1. Use the --direct option: By default, ddrescue uses buffered I/O, which can slow down the recovery process. You can use the --direct option to enable direct I/O, which bypasses the buffer cache and can improve performance. However, keep in mind that this may increase the load on your system, so monitor its resources accordingly.

2. Start with a larger block size: ddrescue allows you to specify the block size with the --block-size option. Using a larger block size can improve performance, especially when dealing with large bad sectors. However, if you encounter errors, you might need to reduce the block size to ensure better error handling.

3. Use the logfile feature: ddrescue has a built-in feature called “logfile” that helps you resume the recovery process if it gets interrupted. It keeps track of the already recovered data and the areas with errors. By using the logfile, you can pause and resume the recovery process without starting from scratch each time.

4. Prioritize non-error areas: When using ddrescue, you can specify the areas you want to prioritize by providing a mapfile. You can start by recovering the non-error areas first to retrieve as much data as possible. Then, you can go back and focus on the areas with bad sectors using different settings or approaches.

5. Avoid unnecessary retries: By default, ddrescue will make multiple attempts to read from a bad sector. This can significantly slow down the recovery process. You can use the -n or --no-scrape option to disable scraping and avoid unnecessary retries.

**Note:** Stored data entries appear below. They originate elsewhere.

lemma normalize_zsqrt2_cong:
  fixes a b :: zsqrt2
  assumes "a dvd b" "b dvd a"
  shows "normalize a = normalize b"
proof -
  have "is_unit a \<longleftrightarrow> is_unit b"
    using assms by (meson dvd_trans)
  moreover have "(\<lambda>w. w dvd a \<and> a dvd w) = (\<lambda>w. w dvd b \<and> b dvd w)"
    using assms by (meson dvd_trans)
  ultimately show ?thesis unfolding normalize_zsqrt2_def by simp
qed

instance
proof
  show "unit_factor (0 :: zsqrt2) = 0"
    by (simp add: unit_factor_zsqrt2_def)
  show "normalize (0 :: zsqrt2) = 0"
    by (metis dvd_0_left_iff dvd_normalize_zsqrt2)
  show "unit_factor a = a" if "is_unit a" for a :: zsqrt2
    using that by (simp add: unit_factor_zsqrt2_def normalize_zsqrt2_def)
  show "unit_factor a * normalize a = a" for a :: zsqrt2
    by (simp add: unit_factor_zsqrt2_def normalize_zsqrt2_dvd)
  show "is_unit (unit_factor a)" if "a \<noteq> 0" for a :: zsqrt2
  proof -
    obtain k where k: "a = normalize a * k" using normalize_zsqrt2_dvd by (rule dvdE)
    obtain l where l: "normalize a = a * l" using dvd_normalize_zsqrt2 by (rule dvdE)
    have "a * 1 = a * (l * k)" using k l by (simp add: mult.assoc)
    then have "is_unit k" using that by (metis dvd_triv_right mult_left_cancel)
    moreover have "unit_factor a = k"
      using k that by (simp add: unit_factor_zsqrt2_def) (metis mult_not_zero nonzero_mult_div_cancel_left)
    ultimately show ?thesis by simp
  qed
  show "unit_factor (a * b) = a * unit_factor b" if "is_unit a" for a b :: zsqrt2
  proof -
    have "normalize (a * b) = normalize b"
      using that by (intro normalize_zsqrt2_cong) (simp_all add: dvd_mult_unit_iff')
    then show ?thesis
      by (simp add: unit_factor_zsqrt2_def div_mult_swap normalize_zsqrt2_dvd)
  qed
qed

end

definition eps :: zsqrt2 where "eps = Zs 1 1"
definition eps_inv :: zsqrt2 where "eps_inv = Zs (-1) 1"

lemma eps_mult_eps_inv: "eps * eps_inv = 1"
  by (simp add: eps_def eps_inv_def zsqrt2_eq_iff)

lemma zconj_eps: "zconj eps = - eps_inv"
  by (simp add: eps_def eps_inv_def zsqrt2_eq_iff)

lemma pell_solution_eq_eps_power:
  assumes "a > 0" "b \<ge> 0" "\<bar>a ^ 2 - 2 * b ^ 2\<bar> = 1"
  shows "\<exists>k. Zs a b = eps ^ k"
  using assms
proof (induction "nat b" arbitrary: a b rule: less_induct)
  case less
  show ?case
  proof (cases "b = 0")
    case True
    then have "a = 1" using less.prems by (simp add: power2_eq_1_iff)
    then show ?thesis using True by (intro exI[of _ 0]) (simp add: zsqrt2_eq_iff)
  next
    case False
    then have "b \<ge> 1" using less.prems by simp
    then have "b ^ 2 \<ge> 1" by (simp add: one_le_power)
    then have sq: "a ^ 2 < (2 * b) ^ 2" "b ^ 2 \<le> a ^ 2"
      using less.prems(3) by (auto simp: power_mult_distrib abs_eq_iff)
    have "a < 2 * b"
      using sq(1) by (rule power_less_imp_less_base) (use less.prems(2) in simp)
    moreover have "b \<le> a"
      using sq(2) by (rule power2_le_imp_le) (use less.prems(1) in simp)
    moreover have "\<bar>(2 * b - a) ^ 2 - 2 * (a - b) ^ 2\<bar> = 1"
    proof -
      have "(2 * b - a) ^ 2 - 2 * (a - b) ^ 2 = - (a ^ 2 - 2 * b ^ 2)"
        by (simp add: power2_eq_square algebra_simps)
      then show ?thesis using less.prems(3) by simp
    qed
    ultimately obtain k where "Zs (2 * b - a) (a - b) = eps ^ k"
      using less.hyps[of "a - b" "2 * b - a"] \<open>b \<ge> 1\<close> by auto
    moreover have "Zs a b = Zs (2 * b - a) (a - b) * eps"
      by (simp add: eps_def zsqrt2_eq_iff)
    ultimately show ?thesis by (metis power_Suc2)
  qed
qed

However, keep in mind that you may miss some recoverable data by doing this.

6. Try reverse mode: If you’re having difficulty recovering data in the forward direction, you can try using the reverse mode in ddrescue. The reverse mode starts from the end of the disk and works backward. This can be helpful in cases where certain areas of the disk are more accessible from the end.

Remember, dealing with bad sectors can be a time-consuming process, and it’s crucial to have patience. Additionally, it’s always a good idea to make a bitwise copy of the disk using dd or similar tools before attempting any recovery operations to ensure you have a backup of the original data.